Data were analyzed using descriptive and inferential statistics, the researchers wrote.

Results showed that female athletes performed worse than male athletes on visual memory (65.1% vs. 70.1%) and reported more symptoms (14.4 vs. 10.1). High school athletes performed worse than college athletes on verbal (78.8% and 82.7%) and visual memory assessments (65.8% vs. 69.4%), and high school athletes continued to have verbal memory impairment 7 days after sustaining concussions, compared with college athletes, according to researchers. High school male athletes scored worse than college male athletes on the BESS (18.8 vs. 13). However, college females scored worse than high school female athletes on the BESS (21.1 vs. 16.9).

Most concussions occurred playing football (n=121), according to researchers, followed by women’s soccer (n=30).

“The results of the current study suggest that age and sex should be considered when interpreting the results of symptom reports, [neurocognitive testing], and postural instability assessments following concussion,” the researchers wrote.

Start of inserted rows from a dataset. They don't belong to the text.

section \<open>Inner product spaces\<close>

lemma parallelogram_midpoint:
  fixes x y :: "'a::real_inner"
  shows "(norm (x - y))\<^sup>2 = 2 * (norm x)\<^sup>2 + 2 * (norm y)\<^sup>2 - 4 * (norm ((1/2) *\<^sub>R (x + y)))\<^sup>2"
  by (simp add: power2_norm_eq_inner inner_commute algebra_simps)

lemma Cauchy_Schwarz_eq_imp_parallel:
  fixes x y :: "'a::real_inner"
  assumes "y \<noteq> 0" and "(inner x y)\<^sup>2 = (norm x)\<^sup>2 * (norm y)\<^sup>2"
  shows "x = (inner x y / (norm y)\<^sup>2) *\<^sub>R y"
proof -
  define c where "c = inner x y / (norm y)\<^sup>2"
  have "(norm (x - c *\<^sub>R y))\<^sup>2 = (norm x)\<^sup>2 - 2 * c * inner x y + c\<^sup>2 * (norm y)\<^sup>2"
    unfolding power2_norm_eq_inner by (simp add: inner_commute algebra_simps power2_eq_square)
  also have "\<dots> = (norm x)\<^sup>2 - (inner x y)\<^sup>2 / (norm y)\<^sup>2"
    using assms(1) by (simp add: c_def field_simps power2_eq_square)
  also have "\<dots> = 0"
    using assms by simp
  finally show ?thesis
    by (simp add: c_def)
qed

lemma Cauchy_of_nested_convex_near_minimizers:
  fixes C :: "nat \<Rightarrow> 'a::real_inner set" and \<eta> :: "nat \<Rightarrow> 'a"
  assumes "decseq C" and convex: "\<And>k. convex (C k)" and \<eta>: "\<And>k. \<eta> k \<in> C k"
    and lower: "\<And>k x. x \<in> C k \<Longrightarrow> m k \<le> norm x" and "\<And>k. 0 \<le> m k"
    and "m \<longlonglongrightarrow> M" and "(\<lambda>k. norm (\<eta> k)) \<longlonglongrightarrow> M"
  shows "Cauchy \<eta>"
proof (rule CauchyI)
  fix \<epsilon> :: real assume "\<epsilon> > 0"
  have "(\<lambda>k. (norm (\<eta> k))\<^sup>2) \<longlonglongrightarrow> M\<^sup>2" "(\<lambda>k. (m k)\<^sup>2) \<longlonglongrightarrow> M\<^sup>2"
    by (intro tendsto_intros assms)+
  then have "\<forall>\<^sub>F k in sequentially. (norm (\<eta> k))\<^sup>2 < M\<^sup>2 + \<epsilon>\<^sup>2 / 8 \<and> M\<^sup>2 - \<epsilon>\<^sup>2 / 8 < (m k)\<^sup>2"
    using \<open>\<epsilon> > 0\<close> by (intro eventually_conj order_tendstoD) auto
  then obtain N where N: "\<And>k. k \<ge> N \<Longrightarrow> (norm (\<eta> k))\<^sup>2 < M\<^sup>2 + \<epsilon>\<^sup>2 / 8 \<and> M\<^sup>2 - \<epsilon>\<^sup>2 / 8 < (m k)\<^sup>2"
    by (auto simp: eventually_sequentially)
  have "norm (\<eta> k - \<eta> l) < \<epsilon>" if "N \<le> k" "N \<le> l" for k l
  proof -
    have "\<eta> k \<in> C N" "\<eta> l \<in> C N"
      using \<eta> \<open>decseq C\<close> that by (auto simp: decseq_def)
    then have "(1/2) *\<^sub>R (\<eta> k + \<eta> l) \<in> C N"
      using convexD[OF convex, of "\<eta> k" N "\<eta> l" "1/2" "1/2"] by (simp add: scaleR_add_right)
    then have "(m N)\<^sup>2 \<le> (norm ((1/2) *\<^sub>R (\<eta> k + \<eta> l)))\<^sup>2"
      using lower \<open>0 \<le> m N\<close> by (blast intro: power_mono)
    then have "(norm (\<eta> k - \<eta> l))\<^sup>2 < \<epsilon>\<^sup>2"
      unfolding parallelogram_midpoint using N[of k] N[of l] N[of N] that by linarith
    then show ?thesis
      using \<open>\<epsilon> > 0\<close> by (simp add: power_less_imp_less_base)
  qed
  then show "\<exists>N. \<forall>k\<ge>N. \<forall>l\<ge>N. norm (\<eta> k - \<eta> l) < \<epsilon>"
    by blast
qed
(* Let $E$ be a separable real Hilbert space and let $1\leq p<\infty$. For every isometry (distance preserving bijection) $\Phi\colon\mathcal{W}_p(E)\to\mathcal{W}_p(E)$ there exists an isometry $\psi$ of $E$ such that $\Phi(\delta_x)=\delta_{\psi(x)}$ for all $x\in E$.
   Context: For $0<p<\infty$, $\mathcal{W}_p(E)$ is the set of Borel probability measures $\mu$ on $E$ with $\int_E\|x\|^p\,d\mu(x)<\infty$, equipped with the $p$-Wasserstein distance $d_{\mathcal{W}_p}(\mu,\nu)=\big(\inf_{\pi\in\Pi(\mu,\nu)}\int_{E\times E}\|x-y\|^p\,d\pi(x,y)\big)^{\min\{1/p,1\}}$, where $\Pi(\mu,\nu)$ is the set of Borel probability measures on $E\times E$ with marginals $\mu$ and $\nu$. $\delta_x$ denotes the Dirac measure at $x$. *)

theory Defs
  imports "HOL-Probability.Probability"
begin

definition Wp_space :: "real \<Rightarrow> ('a::real_normed_vector) measure set" where
  "Wp_space p = {\<mu>. prob_space \<mu> \<and> sets \<mu> = sets borel \<and>
      (\<integral>\<^sup>+ x. ennreal (norm x powr p) \<partial>\<mu>) < \<infinity>}"

definition couplings :: "('a::real_normed_vector) measure \<Rightarrow> 'a measure \<Rightarrow> ('a \<times> 'a) measure set" where
  "couplings \<mu> \<nu> = {\<pi>. prob_space \<pi> \<and> sets \<pi> = sets borel \<and>
      distr \<pi> borel fst = \<mu> \<and> distr \<pi> borel snd = \<nu>}"

definition wasserstein_dist :: "real \<Rightarrow> ('a::real_normed_vector) measure \<Rightarrow> 'a measure \<Rightarrow> real" where
  "wasserstein_dist p \<mu> \<nu> =
     (enn2real (INF \<pi>\<in>couplings \<mu> \<nu>. \<integral>\<^sup>+ z. ennreal (norm (fst z - snd z) powr p) \<partial>\<pi>))
       powr (min (1 / p) 1)"

end

theory Submission
  imports Defs
begin

text \<open>Call \<open>m\<close> a centre for \<open>x\<close> if \<open>m\<close> is a metric midpoint of \<open>x\<close> and some other point.
In \<open>W\<^sub>p(E)\<close> every measure \<open>\<nu>\<close> is a centre for every Dirac mass \<open>\<delta>\<^sub>x\<close>, the other point being the
reflection of \<open>\<nu>\<close> through \<open>x\<close>. If \<open>\<mu>\<close> is not a Dirac mass, let \<open>c\<close> be the midpoint of two distinct
points of its support. Were \<open>\<delta>\<^sub>c\<close> a centre for \<open>\<mu>\<close>, with other point \<open>\<nu>\<close>, the product coupling of \<open>\<mu>\<close>
and \<open>\<nu>\<close> would be optimal. That forces \<open>c\<close> onto the segment \<open>[y, z]\<close> for almost every pair \<open>(y, z)\<close>,
so in the Hilbert space \<open>E\<close> all points \<open>y\<close> near the two chosen points lie on one ray from \<open>c\<close>, which
is absurd as they lie on opposite sides of \<open>c\<close>. So the Dirac masses are exactly the measures \<open>m\<close>
that are a centre for \<open>x\<close> only when \<open>x\<close> is a centre for \<open>m\<close>. This property is metric, hence
preserved by \<open>\<Phi>\<close>, and on Dirac masses \<open>W\<^sub>p\<close> is the distance of \<open>E\<close>.\<close>

definition centre_for :: "('b \<Rightarrow> 'b \<Rightarrow> real) \<Rightarrow> 'b set \<Rightarrow> 'b \<Rightarrow> 'b \<Rightarrow> bool" where
  "centre_for d S m x \<longleftrightarrow> (\<exists>y\<in>S. d m y = d m x \<and> d x y = 2 * d m x)"

definition centre_symmetric :: "('b \<Rightarrow> 'b \<Rightarrow> real) \<Rightarrow> 'b set \<Rightarrow> 'b \<Rightarrow> bool" where
  "centre_symmetric d S m \<longleftrightarrow> (\<forall>x\<in>S. centre_for d S m x \<longrightarrow> centre_for d S x m)"

lemma centre_for_isometry:
  assumes "bij_betw f S T" and "\<forall>x\<in>S. \<forall>y\<in>S. d' (f x) (f y) = d x y"
    and "m \<in> S" and "x \<in> S"
  shows "centre_for d' T (f m) (f x) \<longleftrightarrow> centre_for d S m x"
proof -
  have "T = f ` S" using assms(1) by (simp add: bij_betw_def)
  then show ?thesis using assms(2-4) unfolding centre_for_def by auto
qed

lemma centre_symmetric_isometry:
  assumes "bij_betw f S T" and "\<forall>x\<in>S. \<forall>y\<in>S. d' (f x) (f y) = d x y" and "m \<in> S"
  shows "centre_symmetric d' T (f m) \<longleftrightarrow> centre_symmetric d S m"
proof -
  have "T = f ` S" using assms(1) by (simp add: bij_betw_def)
  then show ?thesis
    using centre_for_isometry[OF assms(1,2)] assms(3) unfolding centre_symmetric_def by auto
qed

lemma powr_add_le_two_powr:
  fixes a b p :: real
  assumes p: "1 \<le> p" and a: "0 \<le> a" and b: "0 \<le> b"
  shows "(a + b) powr p \<le> 2 powr (p - 1) * (a powr p + b powr p)"
proof (cases "a = 0 \<or> b = 0")
  case True
  have "1 \<le> 2 powr (p - 1)" using p by (simp add: ge_one_powr_ge_zero)
  then show ?thesis using True a b
    by (auto intro: mult_left_mono[of 1 _ "_ powr p", simplified] order_trans)
next
  case False
  then have "0 < a" "0 < b" using a b by auto
  then have "((1/2) * a + (1/2) * b) powr p \<le> (1/2) * a powr p + (1/2) * b powr p"
    using convex_onD[OF powr_convex[OF p], of "1/2" a b] by simp
  then have "((a + b) / 2) powr p \<le> (a powr p + b powr p) / 2"
    by (simp add: field_simps)
  moreover have "((a + b) / 2) powr p = (a + b) powr p / 2 powr p"
    using a b by (simp add: powr_divide)
  moreover have "2 powr p = 2 * 2 powr (p - 1)"
    by (simp add: powr_diff)
  ultimately show ?thesis
    by (simp add: field_simps)
qed

lemma powr_less_two_powr_add:
  fixes a b c p :: real
  assumes "1 \<le> p" "0 \<le> a" "0 \<le> b" "0 \<le> c" "c < a + b"
  shows "c powr p < 2 powr (p - 1) * (a powr p + b powr p)"
  using powr_less_mono2[of p c "a + b"] powr_add_le_two_powr[of p a b] assms by linarith

lemma inner_nonneg_if_dist_triangle_eq:
  fixes x1 x2 y z :: "'a::real_inner"
  assumes "y \<noteq> z"
    and "dist x1 z = dist x1 y + dist y z" and "dist x2 z = dist x2 y + dist y z"
  shows "0 \<le> inner (x1 - y) (x2 - y)"
proof -
  have on_ray: "x - y = (norm (x - y) / norm (y - z)) *\<^sub>R (y - z)"
    if "dist x z = dist x y + dist y z" for x
  proof -
    have "norm (y - z) *\<^sub>R (x - y) = norm (x - y) *\<^sub>R (y - z)"
      using that by (simp add: dist_triangle_eq)
    then have "(1 / norm (y - z)) *\<^sub>R (norm (y - z) *\<^sub>R (x - y))
        = (1 / norm (y - z)) *\<^sub>R (norm (x - y) *\<^sub>R (y - z))"
      by simp
    then show ?thesis using assms(1) by simp
  qed
  have "inner (x1 - y) (x2 - y)
      = (norm (x1 - y) / norm (y - z)) * (norm (x2 - y) / norm (y - z)) * inner (y - z) (y - z)"
    by (subst on_ray[OF assms(2)], subst on_ray[OF assms(3)]) simp
  then show ?thesis by simp
qed

lemma inner_neg_if_near_opposite:
  fixes u v w :: "'a::real_inner"
  assumes v: "norm (v - u) < norm u / 2" and w: "norm (w + u) < norm u / 2"
  shows "inner v w < 0"
proof -
  have "norm (v + w) \<le> norm (v - u) + norm (w + u)"
    using norm_triangle_ineq[of "v - u" "w + u"] by simp
  also have "\<dots> < norm u" using v w by simp
  also have "norm u < norm (v - w)"
  proof -
    have "(v - w) - ((v - u) - (w + u)) = 2 *\<^sub>R u"
      by (simp add: algebra_simps scaleR_2)
    then have "2 * norm u \<le> norm (v - w) + norm ((v - u) - (w + u))"
      using norm_triangle_ineq4[of "v - w" "(v - u) - (w + u)"] by simp
    also have "\<dots> \<le> norm (v - w) + (norm (v - u) + norm (w + u))"
      using norm_triangle_ineq4[of "v - u" "w + u"] by simp
    finally show ?thesis using v w by linarith
  qed
  finally have "(norm (v + w))\<^sup>2 < (norm (v - w))\<^sup>2"
    by (simp add: power_strict_mono)
  then show ?thesis
    using dot_norm[of v w] dot_norm_neg[of v w] by simp
qed
(* Let $n_1(t,x)$ and $n_2(t,x)$, $t\ge 0$, $x>0$, be nonnegative solutions to Smoluchowski's coagulation equation $$\partial_t n(t,x)=\frac12\int_0^x K(x-y,y)n(t,x-y)n(t,y)\,dy-\int_0^\infty K(x,y)n(t,x)n(t,y)\,dy$$ with additive kernel $K(x,y)=x+y$, such that for $\ell=1,2$, $n_\ell(0,\cdot)\in L^1(\mathbb{R}^+)$ and $$\int_0^\infty x\,n_\ell(0,x)\,dx=\int_0^\infty x^2 n_\ell(0,x)\,dx=1,\qquad \int_0^\infty x^3 n_\ell(0,x)\,dx<\infty.$$ For $\ell=1,2$ let $g_\ell(\tau,z)=e^{2\tau}n_\ell(\tfrac12\tau,e^\tau z)$ for $\tau\ge0$, $z>0$. Then for each $\kappa\in(2,3)$, $$\|g_1(\tau,\cdot)-g_2(\tau,\cdot)\|_{\mathsf{add},\kappa}\le e^{-\frac12(\kappa-2)\tau}\|g_1(0,\cdot)-g_2(0,\cdot)\|_{\mathsf{add},\kappa}\qquad\forall\tau\ge0.$$ In particular, this shows exponential convergence, with respect to $\|\cdot\|_{\mathsf{add},\kappa}$, of such rescaled solutions towards the unique self-similar profile $G_{\mathsf{add}}(x)=\frac{1}{\sqrt{2\pi}}x^{-3/2}e^{-x/2}$.
   Context: For a function $g$ on $(0,\infty)$ and $\kappa\in\mathbb{R}$, $\|g\|_{\mathsf{add},\kappa}=\sup_{\eta>0}\eta^{-\kappa}\left|\int_0^\infty (1-e^{-\eta x})g(x)\,dx\right|$. $\mathbb{R}^+=(0,\infty)$. Solutions are mass-conserving: $\int_0^\infty x n_\ell(t,x)\,dx$ is constant in $t$. *)

theory Defs
  imports "HOL-Analysis.Analysis"
begin

definition coag_test_fun :: "(real \<Rightarrow> real) \<Rightarrow> bool" where
  "coag_test_fun \<phi> \<longleftrightarrow> continuous_on UNIV \<phi> \<and>
     (\<exists>a b. 0 < a \<and> (\<forall>x. x \<notin> {a..b} \<longrightarrow> \<phi> x = 0))"

definition coag_op :: "(real \<Rightarrow> real \<Rightarrow> real) \<Rightarrow> (real \<Rightarrow> real \<Rightarrow> real) \<Rightarrow> real
    \<Rightarrow> (real \<Rightarrow> real) \<Rightarrow> real" where
  "coag_op K n s \<phi> = (1/2) * (LINT x:{0<..}|lborel. LINT y:{0<..}|lborel.
       K x y * (\<phi> (x + y) - \<phi> x - \<phi> y) * n s x * n s y)"

definition smol_solution :: "(real \<Rightarrow> real \<Rightarrow> real) \<Rightarrow> (real \<Rightarrow> real \<Rightarrow> real) \<Rightarrow> bool" where
  "smol_solution K n \<longleftrightarrow>
     (\<forall>t\<ge>0. \<forall>x>0. 0 \<le> n t x) \<and>
     (\<forall>t\<ge>0. set_integrable lborel {0<..} (n t) \<and>
              set_integrable lborel {0<..} (\<lambda>x. x * n t x)) \<and>
     (\<forall>s\<ge>0. set_integrable (lborel \<Otimes>\<^sub>M lborel) ({0<..} \<times> {0<..})
              (\<lambda>p. K (fst p) (snd p) * n s (fst p) * n s (snd p))) \<and>
     (\<forall>t\<ge>0. \<forall>\<phi>. coag_test_fun \<phi> \<longrightarrow>
        set_integrable lborel {0..t} (\<lambda>s. coag_op K n s \<phi>) \<and>
        (LINT x:{0<..}|lborel. \<phi> x * n t x) =
          (LINT x:{0<..}|lborel. \<phi> x * n 0 x) + (LINT s:{0..t}|lborel. coag_op K n s \<phi>))"

definition mass_conserving :: "(real \<Rightarrow> real \<Rightarrow> real) \<Rightarrow> bool" where
  "mass_conserving n \<longleftrightarrow>
     (\<forall>t\<ge>0. (LINT x:{0<..}|lborel. x * n t x) = (LINT x:{0<..}|lborel. x * n 0 x))"

definition add_norm :: "real \<Rightarrow> (real \<Rightarrow> real) \<Rightarrow> ereal" where
  "add_norm \<kappa> g = (SUP \<eta>\<in>{0<..}. ereal (\<eta> powr (-\<kappa>) *
        \<bar>LINT x:{0<..}|lborel. (1 - exp (-(\<eta> * x))) * g x\<bar>))"

definition rescale :: "(real \<Rightarrow> real \<Rightarrow> real) \<Rightarrow> real \<Rightarrow> real \<Rightarrow> real" where
  "rescale n \<tau> z = exp (2 * \<tau>) * n (\<tau> / 2) (exp \<tau> * z)"

end

theory Submission
  imports Defs
begin

text \<open>For a mass-conserving solution with unit mass put F(t, \<eta>) = \<integral> (1 - e^(-\<eta> x)) n(t, x) dx and
  P(t, \<eta>) = \<integral> x e^(-\<eta> x) n(t, x) dx, the \<eta>-derivative of F. Testing the equation with
  1 - e^(-\<eta> x) gives the Burgers-type equation dF/dt = -(1 - P) F, along whose characteristics
  \<eta>(t) = \<xi> - (1 - e^(-t)) F(0, \<xi>) one has F(t, \<eta>(t)) = e^(-t) F(0, \<xi>). Tracing two solutions back
  to the feet of their characteristics, monotonicity and the 1-Lipschitz property of F(0, \<cdot>) give
  |F1(t, \<eta>) - F2(t, \<eta>)| \<le> |F1(0, b) - F2(0, b)| for some b \<in> [\<eta>, \<eta> e^t]. The rescaled norm is the
  supremum of \<eta>^(-\<kappa>) e^\<tau> |F1 - F2|(\<tau>/2, \<eta> e^(-\<tau>)), and b \<le> \<eta> e^(-\<tau>/2) yields the factor
  e^(-(\<kappa>-2)\<tau>/2).\<close>

lemma exp_neg_diff_le:
  fixes a b :: real
  shows "\<bar>exp (-a) - exp (-b)\<bar> \<le> \<bar>a - b\<bar> * exp (- min a b)"
proof -
  have *: "\<bar>exp (-a) - exp (-b)\<bar> \<le> (b - a) * exp (-a)" if "a \<le> b" for a b :: real
  proof -
    have "1 - (b - a) \<le> exp (-(b - a))"
      using exp_ge_add_one_self[of "a - b"] by (simp add: algebra_simps)
    then have "exp (-a) * (1 - (b - a)) \<le> exp (-a) * exp (-(b - a))"
      by simp
    moreover have "exp (-b) \<le> exp (-a)"
      using that by simp
    ultimately show ?thesis
      by (simp add: algebra_simps flip: exp_add)
  qed
  show ?thesis
    using *[of a b] *[of b a] by (cases "a \<le> b") (auto simp: min_def abs_minus_commute)
qed

lemma exp_neg_lipschitz: "0 \<le> (a::real) \<Longrightarrow> 0 \<le> b \<Longrightarrow> \<bar>exp (-a) - exp (-b)\<bar> \<le> \<bar>a - b\<bar>"
  using exp_neg_diff_le[of a b] mult_left_le[of "exp (- min a b)" "\<bar>a - b\<bar>"] by simp

lemma mult_exp_neg_le:
  fixes x m :: real
  assumes "0 < m"
  shows "x * exp (-(m * x)) \<le> 1 / m"
proof -
  have "m * x * exp (-(m * x)) \<le> exp (m * x) * exp (-(m * x))"
    using exp_ge_add_one_self[of "m * x"] by (intro mult_right_mono) (auto simp del: exp_ge_add_one_self)
  then show ?thesis
    using assms by (simp add: field_simps flip: exp_add)
qed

Disclosure: The National Operating Committee on Standards for Athletic Equipment funded this study.

Perspective
Christina Master, MD

Christina L. Master

  • As a physician treating pediatric and adolescent concussion who practices both general pediatrics and primary care sports medicine, the results of the study by Covassin and colleagues resonate with what I see clinically in the office setting. There has long been the clinical observation that adolescent athletes appear to have a longer recovery time after concussion than the time frame of 5 to 7 days that has been widely reported in the adult and collegiate concussion literature. In addition, gender differences in rates of concussion recovery have also been observed. This article, with girls appearing to have a prolonged recovery time compared with boys, lends additional credence to that clinical observation.

    This article is important for practicing clinicians who see pediatric and adolescent concussions because, as with most things, children are simply not “little adults.” Because most of the eye-catching headlines about concussions are about adult professional athletes, there is often the misperception among adolescent athletes and their families that an adult recovery course of a week is the norm for teenagers — when it is very clearly not the case, especially for the female adolescent athletes.

    The results of this article indicate that 14 to 21 days is a realistic time frame for recovery for adolescent concussion and further supports physicians caring for these injured athletes by providing further reinforcement that patience is essential and that recovery from adolescent concussion simply can’t be rushed.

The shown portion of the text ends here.